I have a very large GroupedDataFrame with Float32 columns but for some reason when I save them as arrow tables with something like
for df = gdf
Arrow.append("file path", df)
end
Some columns are converted to type Float32?. There are no missing or -0.0 values in any of the columns so I’m wondering if there’s anything else that might trigger this conversion? Thanks!
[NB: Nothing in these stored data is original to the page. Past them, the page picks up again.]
(* Let $v=v(z)=zM(z)$, where $M(z)=\frac{1-z-\sqrt{1-2z-3z^2}}{2z^2}$ is the Motzkin generating function (so $z=\frac{v}{1+v+v^2}$). For every integer $h\ge0$, the generating function, by number of nodes, of Retakh plane trees of height at most $2h$ (for $h=0$: of height at most $1$) is $$\frac{z}{1-z}\cdot\frac{1}{1-\dfrac{F_h}{1-z}}=v\,\frac{1-v^{2h+2}}{1-v^{2h+4}}$$ for $h\ge1$, where $F_h=\frac{v^2}{1+v+v^2}\frac{1-v^{2h}}{1-v^{2h+2}}$, and equals $\frac{z}{1-z}=\frac{v}{1+v^2}$ for $h=0$.
   Context: A Retakh plane tree is a plane (ordered rooted) tree in which every non-root leaf has depth $1$ or even depth (root depth $0$); the one-node tree is included. These correspond bijectively (a tree with $n+1$ nodes to a path of semilength $n$) to Dyck paths all of whose peaks are at level $1$ or at an even level. The height of a tree is the maximal depth of a node, i.e. the number of edges of a longest root-to-node path; it equals the maximal height of the corresponding Dyck path. *)

theory Defs
  imports Complex_Main
begin

datatype ptree = Node "ptree list"

fun nodes :: "ptree \<Rightarrow> nat" where
  "nodes (Node ts) = Suc (sum_list (map nodes ts))"

fun height :: "ptree \<Rightarrow> nat" where
  "height (Node ts) = (if ts = [] then 0 else Suc (Max (set (map height ts))))"

fun leaf_depths :: "nat \<Rightarrow> ptree \<Rightarrow> nat set" where
  "leaf_depths d (Node ts) =
     (if ts = [] then {d} else \<Union> (set (map (leaf_depths (Suc d)) ts)))"

text \<open>Retakh plane tree: every non-root leaf has depth 1 or even depth (root at depth 0).
  The one-node tree is included (it has no non-root leaf).\<close>
definition retakh :: "ptree \<Rightarrow> bool" where
  "retakh t = (case t of Node ts \<Rightarrow>
      (\<forall>s\<in>set ts. \<forall>d\<in>leaf_depths 1 s. d = 1 \<or> even d))"

definition retakh_count :: "nat \<Rightarrow> nat \<Rightarrow> nat" where
  "retakh_count H n = card {t. retakh t \<and> nodes t = n \<and> height t \<le> H}"

definition motzkinM :: "real \<Rightarrow> real" where
  "motzkinM z = (1 - z - sqrt (1 - 2*z - 3*z^2)) / (2 * z^2)"

definition vfun :: "real \<Rightarrow> real" where
  "vfun z = z * motzkinM z"

definition Ffun :: "nat \<Rightarrow> real \<Rightarrow> real" where
  "Ffun h v = v^2 / (1 + v + v^2) * ((1 - v^(2*h)) / (1 - v^(2*h+2)))"

end

theory Submission
  imports Defs "HOL-Analysis.FPS_Convergence"
begin

text \<open>A Retakh tree of height at most \<open>H\<close> is a root over a sequence of children, each a leaf
  or a tree of height below \<open>H\<close> whose leaves all lie at even depth. Let \<open>A k\<close> and \<open>B k\<close>
  (\<open>odd_root_gf k\<close>, \<open>even_root_gf k\<close>) count trees of height below \<open>k\<close> all of whose leaves lie at even depth, when the root sits at odd
  resp. even depth. Removing the root gives \<open>A (k+1) = z (1/(1 - B k) - 1)\<close> (a leaf root is
  not allowed at odd depth) and \<open>B (k+1) = z/(1 - A k)\<close>, and Retakh trees of height at most
  \<open>H\<close> are counted by \<open>z/(1 - z - A H)\<close>. These are rational functions regular at 0, so the
  power series converge near 0, and under the substitution \<open>z = v/(1 + v + v\<^sup>2)\<close> the
  recursion telescopes to \<open>A (2h) = F h\<close>.\<close>

section \<open>Counting trees and forests\<close>

abbreviation forest_nodes :: "ptree list \<Rightarrow> nat" where
  "forest_nodes ts \<equiv> sum_list (map nodes ts)"

lemma nodes_neq_0 [simp]: "nodes t \<noteq> 0"
  by (cases t) auto

lemma length_le_forest_nodes: "length ts \<le> forest_nodes ts"
proof (induction ts)
  case (Cons t ts)
  then show ?case by (cases t) auto
qed simp

lemma nodes_le_forest_nodes: "t \<in> set ts \<Longrightarrow> nodes t \<le> forest_nodes ts"
  using member_le_sum_list[of "nodes t" "map nodes ts"] by simp

lemma trees_of_size_Suc: "{t. nodes t = Suc n} = Node ` {ts. forest_nodes ts = n}"
proof (intro equalityI subsetI)
  fix t assume "t \<in> {t. nodes t = Suc n}"
  then show "t \<in> Node ` {ts. forest_nodes ts = n}" by (cases t) auto
qed auto

lemma finite_forests_of_size_if:
  assumes "\<And>m. m \<le> n \<Longrightarrow> finite {t. nodes t = m}"
  shows "finite {ts. forest_nodes ts = n}"
proof -
  have "{t. nodes t \<le> n} = (\<Union>m\<le>n. {t. nodes t = m})" by auto
  then have "finite {t. nodes t \<le> n}" using assms by simp
  moreover have "{ts. forest_nodes ts = n} \<subseteq> {ts. set ts \<subseteq> {t. nodes t \<le> n} \<and> length ts \<le> n}"
    using length_le_forest_nodes nodes_le_forest_nodes by fastforce
  ultimately show ?thesis using finite_lists_length_le finite_subset by blast
qed

lemma finite_trees_of_size: "finite {t. nodes t = n}"
proof (induction n rule: less_induct)
  case (less n)
  show ?case
  proof (cases n)
    case 0
    then show ?thesis by simp
  next
    case (Suc m)
    then show ?thesis
      using less finite_forests_of_size_if[of m] by (simp add: trees_of_size_Suc)
  qed
qed

lemma finite_forests_of_size: "finite {ts. forest_nodes ts = n}"
  using finite_forests_of_size_if finite_trees_of_size by blast

lemma finite_trees_of_size_with: "finite {t. P t \<and> nodes t = n}"
  by (rule finite_subset[OF _ finite_trees_of_size[of n]]) auto

definition count_trees :: "(ptree \<Rightarrow> bool) \<Rightarrow> nat \<Rightarrow> nat" where
  "count_trees P n = card {t. P t \<and> nodes t = n}"

definition tree_gf :: "(ptree \<Rightarrow> bool) \<Rightarrow> real fps" where
  "tree_gf P = Abs_fps (\<lambda>n. real (count_trees P n))"

definition forests :: "(ptree \<Rightarrow> bool) \<Rightarrow> nat \<Rightarrow> ptree list set" where
  "forests P n = {ts. (\<forall>s\<in>set ts. P s) \<and> forest_nodes ts = n}"

definition forest_gf :: "(ptree \<Rightarrow> bool) \<Rightarrow> real fps" where
  "forest_gf P = Abs_fps (\<lambda>n. real (card (forests P n)))"

lemma count_trees_0 [simp]: "count_trees P 0 = 0"
  by (simp add: count_trees_def)

lemma fps_nth_tree_gf_0 [simp]: "fps_nth (tree_gf P) 0 = 0"
  by (simp add: tree_gf_def)

lemma finite_forests: "finite (forests P n)"
  unfolding forests_def by (rule finite_subset[OF _ finite_forests_of_size[of n]]) auto

lemma forests_0: "forests P 0 = {[]}"
  by (auto simp: forests_def)

lemma forests_Suc: "forests P (Suc n) =
  (\<Union>m\<le>n. (\<lambda>(t, ts). t # ts) ` ({t. P t \<and> nodes t = Suc m} \<times> forests P (n - m)))"
proof (intro equalityI subsetI)
  fix xs assume xs: "xs \<in> forests P (Suc n)"
  then obtain t ts where xs_eq: "xs = t # ts" unfolding forests_def by (cases xs) auto
  obtain m where m: "nodes t = Suc m" using nodes_neq_0 not0_implies_Suc by blast
  show "xs \<in> (\<Union>m\<le>n. (\<lambda>(t, ts). t # ts) ` ({t. P t \<and> nodes t = Suc m} \<times> forests P (n - m)))"
    using xs xs_eq m unfolding forests_def by (auto intro!: bexI[of _ m] image_eqI[of _ _ "(t, ts)"])
qed (auto simp: forests_def)

lemma card_forests_Suc:
  "card (forests P (Suc n)) = (\<Sum>m\<le>n. count_trees P (Suc m) * card (forests P (n - m)))"
proof -
  have "inj_on (\<lambda>(t, ts). t # ts) A" for A :: "(ptree \<times> ptree list) set"
    by (auto simp: inj_on_def)
  then show ?thesis
    unfolding forests_Suc
    by (subst card_UN_disjoint) (auto simp: finite_forests finite_trees_of_size_with card_image
        card_cartesian_product count_trees_def)
qed

lemma forest_gf_eq_inverse: "forest_gf P = inverse (1 - tree_gf P)"
proof -
  have "(1 - tree_gf P) * forest_gf P = 1"
  proof (rule fps_ext)
    fix n
    show "fps_nth ((1 - tree_gf P) * forest_gf P) n = fps_nth 1 n"
    proof (cases n)
      case 0
      then show ?thesis by (simp add: forest_gf_def forests_0)
    next
      case (Suc k)
      have "fps_nth (tree_gf P * forest_gf P) n
          = (\<Sum>i\<le>Suc k. real (count_trees P i) * real (card (forests P (Suc k - i))))"
        using Suc by (simp add: fps_mult_nth tree_gf_def forest_gf_def atLeast0AtMost)
      also have "\<dots> = (\<Sum>m\<le>k. real (count_trees P (Suc m)) * real (card (forests P (k - m))))"
        by (subst sum.atMost_Suc_shift) simp
      also have "\<dots> = fps_nth (forest_gf P) n"
        using Suc by (simp add: card_forests_Suc forest_gf_def)
      finally show ?thesis
        using Suc by (simp add: algebra_simps)
    qed
  qed
  then show ?thesis by (simp add: fps_inverse_unique)
qed

lemma tree_gf_Node:
  "tree_gf R = fps_X * Abs_fps (\<lambda>n. real (card {ts. R (Node ts) \<and> forest_nodes ts = n}))"
proof (rule fps_ext)
  fix n
  show "fps_nth (tree_gf R) n
      = fps_nth (fps_X * Abs_fps (\<lambda>n. real (card {ts. R (Node ts) \<and> forest_nodes ts = n}))) n"
  proof (cases n)
    case (Suc k)
    have "{t. R t \<and> nodes t = Suc k} = Node ` {ts. R (Node ts) \<and> forest_nodes ts = k}"
    proof (intro equalityI subsetI)
      fix t assume "t \<in> {t. R t \<and> nodes t = Suc k}"
      then show "t \<in> Node ` {ts. R (Node ts) \<and> forest_nodes ts = k}" by (cases t) auto
    qed auto
    moreover have "inj Node" by (auto intro: injI)
    ultimately show ?thesis
      using Suc by (simp add: tree_gf_def count_trees_def card_image inj_on_subset)
  qed (simp add: tree_gf_def)
qed

lemma tree_gf_Node_forests:
  assumes "\<And>ts. R (Node ts) \<longleftrightarrow> (\<forall>s\<in>set ts. P s)"
  shows "tree_gf R = fps_X * inverse (1 - tree_gf P)"
proof -
  have "{ts. R (Node ts) \<and> forest_nodes ts = n} = forests P n" for n
    using assms by (auto simp: forests_def)
  then show ?thesis by (simp add: tree_gf_Node[of R] forest_gf_def flip: forest_gf_eq_inverse)
qed

lemma tree_gf_Node_nonempty_forests:
  assumes "\<And>ts. R (Node ts) \<longleftrightarrow> ts \<noteq> [] \<and> (\<forall>s\<in>set ts. P s)"
  shows "tree_gf R = fps_X * (inverse (1 - tree_gf P) - 1)"
proof -
  have "{ts. R (Node ts) \<and> forest_nodes ts = n} = forests P n - {[]}" for n
    using assms by (auto simp: forests_def)
  moreover have "[] \<in> forests P n \<longleftrightarrow> n = 0" for n
    by (auto simp: forests_def)
  ultimately have "Abs_fps (\<lambda>n. real (card {ts. R (Node ts) \<and> forest_nodes ts = n}))
      = forest_gf P - 1"
    by (intro fps_ext) (simp add: forest_gf_def finite_forests card_Diff_singleton_if forests_0)
  then show ?thesis by (simp add: tree_gf_Node forest_gf_eq_inverse)
qed

section \<open>Trees whose leaves lie at even depth\<close>

lemma height_Node_less_Suc: "height (Node ts) < Suc k \<longleftrightarrow> (\<forall>s\<in>set ts. height s < k)"
  by (auto simp: Max_less_iff)

lemma leaf_depths_ge: "x \<in> leaf_depths d t \<Longrightarrow> d \<le> x"
proof (induction t arbitrary: d)
  case (Node ts)
  then show ?case by (fastforce split: if_splits)
qed

definition even_leaves :: "nat \<Rightarrow> ptree \<Rightarrow> bool" where
  "even_leaves d t \<longleftrightarrow> (\<forall>x\<in>leaf_depths d t. even x)"

lemma even_leaves_Node:
  "even_leaves d (Node ts) \<longleftrightarrow> (if ts = [] then even d else (\<forall>s\<in>set ts. even_leaves (Suc d) s))"
  by (auto simp: even_leaves_def)

lemma even_leaves_Suc_Suc: "even_leaves (Suc (Suc d)) t = even_leaves d t"
proof (induction t arbitrary: d)
  case (Node ts)
  then show ?case by (simp add: even_leaves_Node)
qed

definition even_leaves_below :: "nat \<Rightarrow> nat \<Rightarrow> ptree \<Rightarrow> bool" where
  "even_leaves_below d k t \<longleftrightarrow> even_leaves d t \<and> height t < k"

lemma even_leaves_below_1_Node:
  "even_leaves_below 1 (Suc k) (Node ts) \<longleftrightarrow> ts \<noteq> [] \<and> (\<forall>s\<in>set ts. even_leaves_below 0 k s)"
  by (auto simp: even_leaves_below_def height_Node_less_Suc even_leaves_Node
      even_leaves_Suc_Suc[of 0, simplified] numeral_2_eq_2)

lemma even_leaves_below_0_Node:
  "even_leaves_below 0 (Suc k) (Node ts) \<longleftrightarrow> (\<forall>s\<in>set ts. even_leaves_below 1 k s)"
  by (auto simp: even_leaves_below_def height_Node_less_Suc even_leaves_Node)

fun odd_root_gf :: "nat \<Rightarrow> real \<Rightarrow> real" and even_root_gf :: "nat \<Rightarrow> real \<Rightarrow> real" where
  "odd_root_gf 0 z = 0"
| "odd_root_gf (Suc k) z = z * (inverse (1 - even_root_gf k z) - 1)"
| "even_root_gf 0 z = 0"
| "even_root_gf (Suc k) z = z * inverse (1 - odd_root_gf k z)"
Thanks for this helpful insight! Sorry I thought I couldn’t reproduce the error in smaller examples maybe due to the large size of the actual file. It seems though that creating new columns by looping through a GroupedDataFrame creates columns of Type? even when the inputs and outputs are all of uniform type.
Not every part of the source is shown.